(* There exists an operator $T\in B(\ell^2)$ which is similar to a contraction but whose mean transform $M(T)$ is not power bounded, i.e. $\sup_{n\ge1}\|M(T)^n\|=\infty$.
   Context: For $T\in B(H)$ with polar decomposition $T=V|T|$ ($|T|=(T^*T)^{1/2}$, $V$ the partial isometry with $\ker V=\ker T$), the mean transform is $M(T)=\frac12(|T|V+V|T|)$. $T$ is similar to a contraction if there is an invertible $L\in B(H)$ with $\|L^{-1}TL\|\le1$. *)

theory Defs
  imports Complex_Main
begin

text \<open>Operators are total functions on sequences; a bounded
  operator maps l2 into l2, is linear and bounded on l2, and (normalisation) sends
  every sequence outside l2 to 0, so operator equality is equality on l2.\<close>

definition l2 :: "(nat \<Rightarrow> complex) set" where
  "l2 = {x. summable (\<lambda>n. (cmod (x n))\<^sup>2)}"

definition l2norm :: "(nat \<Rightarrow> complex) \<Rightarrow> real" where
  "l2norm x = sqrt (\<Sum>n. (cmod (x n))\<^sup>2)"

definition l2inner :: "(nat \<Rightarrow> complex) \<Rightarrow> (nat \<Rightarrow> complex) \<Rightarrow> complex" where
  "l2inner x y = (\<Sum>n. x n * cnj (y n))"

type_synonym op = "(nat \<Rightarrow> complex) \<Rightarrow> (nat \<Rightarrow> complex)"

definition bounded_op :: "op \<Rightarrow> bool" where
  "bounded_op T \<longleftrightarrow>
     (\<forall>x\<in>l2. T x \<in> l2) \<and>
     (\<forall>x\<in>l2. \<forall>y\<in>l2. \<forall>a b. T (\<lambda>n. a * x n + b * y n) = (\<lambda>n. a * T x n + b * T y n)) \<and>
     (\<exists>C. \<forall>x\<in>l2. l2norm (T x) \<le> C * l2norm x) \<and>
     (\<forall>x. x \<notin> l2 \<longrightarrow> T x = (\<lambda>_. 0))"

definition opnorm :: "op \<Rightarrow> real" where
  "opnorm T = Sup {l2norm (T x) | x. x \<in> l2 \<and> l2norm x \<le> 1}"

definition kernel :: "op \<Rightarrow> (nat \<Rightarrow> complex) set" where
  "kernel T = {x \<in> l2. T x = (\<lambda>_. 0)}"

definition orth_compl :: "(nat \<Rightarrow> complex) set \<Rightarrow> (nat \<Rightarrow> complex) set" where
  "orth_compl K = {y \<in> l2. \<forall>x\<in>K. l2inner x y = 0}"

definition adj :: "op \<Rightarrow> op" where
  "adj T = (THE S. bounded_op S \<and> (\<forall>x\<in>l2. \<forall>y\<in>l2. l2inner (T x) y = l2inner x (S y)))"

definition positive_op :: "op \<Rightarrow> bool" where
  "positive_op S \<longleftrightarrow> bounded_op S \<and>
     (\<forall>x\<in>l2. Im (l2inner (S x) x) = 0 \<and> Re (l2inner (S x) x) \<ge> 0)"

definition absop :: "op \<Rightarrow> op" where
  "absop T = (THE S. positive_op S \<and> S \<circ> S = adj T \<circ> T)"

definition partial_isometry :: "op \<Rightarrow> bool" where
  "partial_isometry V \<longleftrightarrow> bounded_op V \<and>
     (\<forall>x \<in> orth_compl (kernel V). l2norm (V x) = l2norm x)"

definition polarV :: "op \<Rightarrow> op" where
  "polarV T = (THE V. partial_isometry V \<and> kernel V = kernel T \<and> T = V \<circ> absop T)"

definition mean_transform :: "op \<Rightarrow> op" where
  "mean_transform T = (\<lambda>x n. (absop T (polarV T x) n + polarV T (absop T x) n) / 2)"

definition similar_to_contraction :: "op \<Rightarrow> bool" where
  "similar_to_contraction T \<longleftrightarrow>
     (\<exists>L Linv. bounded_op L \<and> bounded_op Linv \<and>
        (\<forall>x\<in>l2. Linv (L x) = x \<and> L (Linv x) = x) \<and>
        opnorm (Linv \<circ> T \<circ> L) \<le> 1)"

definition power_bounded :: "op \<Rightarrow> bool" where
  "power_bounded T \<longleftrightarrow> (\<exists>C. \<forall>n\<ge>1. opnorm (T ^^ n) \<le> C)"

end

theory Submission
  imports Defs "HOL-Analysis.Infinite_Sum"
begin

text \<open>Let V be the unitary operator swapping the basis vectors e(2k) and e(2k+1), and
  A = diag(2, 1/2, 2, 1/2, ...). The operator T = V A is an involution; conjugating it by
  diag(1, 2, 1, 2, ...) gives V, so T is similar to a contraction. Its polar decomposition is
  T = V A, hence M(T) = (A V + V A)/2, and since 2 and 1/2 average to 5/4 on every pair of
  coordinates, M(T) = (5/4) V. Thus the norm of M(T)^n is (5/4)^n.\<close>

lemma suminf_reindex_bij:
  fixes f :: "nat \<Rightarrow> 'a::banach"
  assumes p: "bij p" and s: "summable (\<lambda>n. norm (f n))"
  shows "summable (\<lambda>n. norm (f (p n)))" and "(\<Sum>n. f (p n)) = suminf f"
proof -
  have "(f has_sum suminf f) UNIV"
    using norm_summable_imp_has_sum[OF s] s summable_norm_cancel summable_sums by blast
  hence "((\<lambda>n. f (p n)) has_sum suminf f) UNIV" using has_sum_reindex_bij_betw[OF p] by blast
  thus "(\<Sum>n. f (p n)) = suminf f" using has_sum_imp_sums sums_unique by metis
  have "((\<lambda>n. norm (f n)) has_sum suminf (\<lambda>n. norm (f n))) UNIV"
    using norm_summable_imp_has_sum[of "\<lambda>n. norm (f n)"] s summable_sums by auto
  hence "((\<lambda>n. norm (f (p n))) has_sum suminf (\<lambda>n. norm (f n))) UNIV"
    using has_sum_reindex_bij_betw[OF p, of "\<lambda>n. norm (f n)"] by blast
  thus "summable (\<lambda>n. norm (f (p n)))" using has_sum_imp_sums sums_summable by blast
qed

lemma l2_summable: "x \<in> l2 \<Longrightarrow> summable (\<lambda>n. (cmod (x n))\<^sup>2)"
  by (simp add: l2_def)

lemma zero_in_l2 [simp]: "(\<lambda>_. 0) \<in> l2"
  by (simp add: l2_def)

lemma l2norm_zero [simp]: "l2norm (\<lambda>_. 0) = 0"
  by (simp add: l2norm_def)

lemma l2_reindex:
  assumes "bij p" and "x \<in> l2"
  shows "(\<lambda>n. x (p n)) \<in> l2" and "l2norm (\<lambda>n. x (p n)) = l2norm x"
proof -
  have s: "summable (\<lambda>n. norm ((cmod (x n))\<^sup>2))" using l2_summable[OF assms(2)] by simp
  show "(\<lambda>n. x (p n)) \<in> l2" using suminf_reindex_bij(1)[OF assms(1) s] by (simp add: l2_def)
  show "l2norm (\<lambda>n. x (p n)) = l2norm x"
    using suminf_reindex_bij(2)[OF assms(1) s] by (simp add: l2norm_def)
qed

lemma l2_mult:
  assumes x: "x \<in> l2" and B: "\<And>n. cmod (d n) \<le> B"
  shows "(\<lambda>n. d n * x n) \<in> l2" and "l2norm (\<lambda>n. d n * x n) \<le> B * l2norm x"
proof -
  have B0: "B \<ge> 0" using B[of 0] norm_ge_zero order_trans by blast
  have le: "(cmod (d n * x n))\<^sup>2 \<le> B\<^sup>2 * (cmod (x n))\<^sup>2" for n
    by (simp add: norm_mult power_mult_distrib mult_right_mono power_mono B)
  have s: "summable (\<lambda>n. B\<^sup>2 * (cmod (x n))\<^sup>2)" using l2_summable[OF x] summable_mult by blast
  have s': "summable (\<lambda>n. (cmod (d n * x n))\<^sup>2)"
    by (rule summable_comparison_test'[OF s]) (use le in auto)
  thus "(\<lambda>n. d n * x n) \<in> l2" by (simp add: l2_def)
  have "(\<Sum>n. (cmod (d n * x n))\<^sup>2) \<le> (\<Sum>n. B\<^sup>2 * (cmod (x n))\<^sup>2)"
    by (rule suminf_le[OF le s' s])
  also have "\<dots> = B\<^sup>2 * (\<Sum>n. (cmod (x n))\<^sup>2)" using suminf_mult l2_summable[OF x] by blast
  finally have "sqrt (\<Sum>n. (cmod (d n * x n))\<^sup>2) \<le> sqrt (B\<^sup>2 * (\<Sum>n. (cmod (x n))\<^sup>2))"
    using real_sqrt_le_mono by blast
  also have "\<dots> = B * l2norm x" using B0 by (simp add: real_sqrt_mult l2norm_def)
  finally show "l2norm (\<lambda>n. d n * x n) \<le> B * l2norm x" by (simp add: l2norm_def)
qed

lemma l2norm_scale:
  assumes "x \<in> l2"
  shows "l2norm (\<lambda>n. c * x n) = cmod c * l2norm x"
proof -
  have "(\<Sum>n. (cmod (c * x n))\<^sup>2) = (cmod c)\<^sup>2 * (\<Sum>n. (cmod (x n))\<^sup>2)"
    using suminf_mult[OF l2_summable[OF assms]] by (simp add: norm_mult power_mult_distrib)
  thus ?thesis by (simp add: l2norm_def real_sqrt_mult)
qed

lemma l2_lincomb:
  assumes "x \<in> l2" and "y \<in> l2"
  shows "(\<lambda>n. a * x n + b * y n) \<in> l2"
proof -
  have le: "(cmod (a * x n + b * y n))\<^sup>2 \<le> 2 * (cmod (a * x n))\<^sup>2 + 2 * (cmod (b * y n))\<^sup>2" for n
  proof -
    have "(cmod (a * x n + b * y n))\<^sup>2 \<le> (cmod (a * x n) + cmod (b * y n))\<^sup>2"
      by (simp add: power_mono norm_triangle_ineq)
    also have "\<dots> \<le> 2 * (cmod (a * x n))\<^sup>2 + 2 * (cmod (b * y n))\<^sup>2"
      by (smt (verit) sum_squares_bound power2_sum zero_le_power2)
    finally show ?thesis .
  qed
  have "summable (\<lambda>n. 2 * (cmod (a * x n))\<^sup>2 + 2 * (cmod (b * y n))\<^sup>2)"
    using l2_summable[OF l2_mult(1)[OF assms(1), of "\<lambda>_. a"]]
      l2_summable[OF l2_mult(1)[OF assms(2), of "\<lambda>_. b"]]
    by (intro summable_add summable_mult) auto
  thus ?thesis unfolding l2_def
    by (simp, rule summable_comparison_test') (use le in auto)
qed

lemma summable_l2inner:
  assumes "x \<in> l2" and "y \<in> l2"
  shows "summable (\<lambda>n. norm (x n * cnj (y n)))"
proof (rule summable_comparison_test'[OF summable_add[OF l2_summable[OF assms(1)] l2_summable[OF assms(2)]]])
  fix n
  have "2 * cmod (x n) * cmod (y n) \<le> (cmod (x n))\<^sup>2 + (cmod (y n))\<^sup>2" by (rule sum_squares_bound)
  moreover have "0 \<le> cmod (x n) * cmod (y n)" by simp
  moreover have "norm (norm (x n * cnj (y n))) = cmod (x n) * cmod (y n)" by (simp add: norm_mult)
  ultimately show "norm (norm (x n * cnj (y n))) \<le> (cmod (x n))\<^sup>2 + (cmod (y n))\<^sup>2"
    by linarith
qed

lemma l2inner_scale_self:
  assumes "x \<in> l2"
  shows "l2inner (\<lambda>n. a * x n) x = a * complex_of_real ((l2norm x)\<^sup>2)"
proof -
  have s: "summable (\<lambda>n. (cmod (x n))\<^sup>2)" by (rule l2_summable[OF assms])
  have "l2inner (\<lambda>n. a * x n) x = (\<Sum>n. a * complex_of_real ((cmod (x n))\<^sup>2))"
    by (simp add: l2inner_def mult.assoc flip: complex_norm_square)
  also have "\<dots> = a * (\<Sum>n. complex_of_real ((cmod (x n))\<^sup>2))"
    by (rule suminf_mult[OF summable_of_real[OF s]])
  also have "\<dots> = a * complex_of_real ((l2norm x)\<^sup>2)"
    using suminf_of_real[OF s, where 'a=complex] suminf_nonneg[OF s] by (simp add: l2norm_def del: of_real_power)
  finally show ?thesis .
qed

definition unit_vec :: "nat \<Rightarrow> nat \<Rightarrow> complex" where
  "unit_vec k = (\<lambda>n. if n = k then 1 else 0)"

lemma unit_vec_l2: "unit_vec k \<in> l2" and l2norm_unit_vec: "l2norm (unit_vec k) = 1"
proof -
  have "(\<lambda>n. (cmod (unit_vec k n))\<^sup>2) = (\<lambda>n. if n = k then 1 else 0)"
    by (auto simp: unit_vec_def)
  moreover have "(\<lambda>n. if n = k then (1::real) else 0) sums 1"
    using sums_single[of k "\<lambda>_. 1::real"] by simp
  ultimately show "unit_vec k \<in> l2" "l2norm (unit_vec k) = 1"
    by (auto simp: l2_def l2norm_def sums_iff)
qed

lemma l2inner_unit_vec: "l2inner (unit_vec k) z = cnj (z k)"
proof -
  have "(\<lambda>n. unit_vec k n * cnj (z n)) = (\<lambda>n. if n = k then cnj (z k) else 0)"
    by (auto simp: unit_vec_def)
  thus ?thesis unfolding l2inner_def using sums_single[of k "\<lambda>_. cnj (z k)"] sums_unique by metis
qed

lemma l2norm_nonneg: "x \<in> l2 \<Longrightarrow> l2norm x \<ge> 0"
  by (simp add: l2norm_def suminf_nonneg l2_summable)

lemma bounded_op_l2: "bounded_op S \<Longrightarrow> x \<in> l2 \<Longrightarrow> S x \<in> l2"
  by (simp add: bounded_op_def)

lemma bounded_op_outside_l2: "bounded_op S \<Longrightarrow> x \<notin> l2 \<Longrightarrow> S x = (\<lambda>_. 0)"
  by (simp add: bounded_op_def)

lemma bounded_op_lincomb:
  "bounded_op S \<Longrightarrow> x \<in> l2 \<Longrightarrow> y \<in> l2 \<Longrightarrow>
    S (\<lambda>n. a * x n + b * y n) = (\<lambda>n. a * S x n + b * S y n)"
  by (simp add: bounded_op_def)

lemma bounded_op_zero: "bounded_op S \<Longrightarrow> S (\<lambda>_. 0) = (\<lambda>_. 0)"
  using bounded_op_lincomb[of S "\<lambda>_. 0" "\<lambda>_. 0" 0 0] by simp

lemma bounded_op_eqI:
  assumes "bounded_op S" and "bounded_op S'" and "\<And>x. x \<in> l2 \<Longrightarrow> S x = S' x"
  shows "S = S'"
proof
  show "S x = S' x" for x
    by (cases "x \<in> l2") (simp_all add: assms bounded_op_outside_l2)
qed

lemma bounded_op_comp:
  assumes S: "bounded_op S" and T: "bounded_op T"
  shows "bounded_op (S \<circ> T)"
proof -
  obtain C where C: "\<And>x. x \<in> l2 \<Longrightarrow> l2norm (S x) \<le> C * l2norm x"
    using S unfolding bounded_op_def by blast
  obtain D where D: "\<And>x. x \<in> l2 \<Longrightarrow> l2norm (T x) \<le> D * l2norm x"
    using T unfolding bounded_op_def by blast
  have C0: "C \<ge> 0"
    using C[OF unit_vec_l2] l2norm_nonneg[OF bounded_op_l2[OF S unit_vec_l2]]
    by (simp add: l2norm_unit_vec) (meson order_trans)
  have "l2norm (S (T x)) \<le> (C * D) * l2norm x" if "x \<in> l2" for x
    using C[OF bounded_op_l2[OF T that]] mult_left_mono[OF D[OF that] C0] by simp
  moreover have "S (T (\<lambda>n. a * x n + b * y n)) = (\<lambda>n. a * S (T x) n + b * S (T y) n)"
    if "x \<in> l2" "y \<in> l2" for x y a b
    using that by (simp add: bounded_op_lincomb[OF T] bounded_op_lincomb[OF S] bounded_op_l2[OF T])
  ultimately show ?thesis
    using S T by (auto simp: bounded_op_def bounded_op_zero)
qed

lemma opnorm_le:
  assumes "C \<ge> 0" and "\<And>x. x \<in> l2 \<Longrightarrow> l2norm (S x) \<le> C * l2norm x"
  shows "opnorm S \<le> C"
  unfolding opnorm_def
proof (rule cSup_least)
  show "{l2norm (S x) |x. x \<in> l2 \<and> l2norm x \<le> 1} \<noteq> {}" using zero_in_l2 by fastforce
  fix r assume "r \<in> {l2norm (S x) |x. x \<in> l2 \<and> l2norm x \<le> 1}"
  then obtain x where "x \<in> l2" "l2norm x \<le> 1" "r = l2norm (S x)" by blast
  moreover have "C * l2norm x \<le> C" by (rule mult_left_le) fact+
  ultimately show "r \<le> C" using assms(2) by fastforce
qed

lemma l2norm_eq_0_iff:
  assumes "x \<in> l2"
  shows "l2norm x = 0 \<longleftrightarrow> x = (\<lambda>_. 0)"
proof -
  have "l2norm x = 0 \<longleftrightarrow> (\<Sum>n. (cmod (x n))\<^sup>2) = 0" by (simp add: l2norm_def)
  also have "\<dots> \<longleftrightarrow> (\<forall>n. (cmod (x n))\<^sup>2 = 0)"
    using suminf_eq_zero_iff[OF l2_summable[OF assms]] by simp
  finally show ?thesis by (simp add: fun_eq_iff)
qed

#####

Task details
Look through the entries above and quote exactly the lines from the line with "imports Complex_Main" to the line with "x = sqrt (\<Sum>n.", counting both of those lines.

Reply to the exercise
  imports Complex_Main
begin

text \<open>Operators are total functions on sequences; a bounded
  operator maps l2 into l2, is linear and bounded on l2, and (normalisation) sends
  every sequence outside l2 to 0, so operator equality is equality on l2.\<close>

definition l2 :: "(nat \<Rightarrow> complex) set" where
  "l2 = {x. summable (\<lambda>n. (cmod (x n))\<^sup>2)}"

definition l2norm :: "(nat \<Rightarrow> complex) \<Rightarrow> real" where
  "l2norm x = sqrt (\<Sum>n. (cmod (x n))\<^sup>2)"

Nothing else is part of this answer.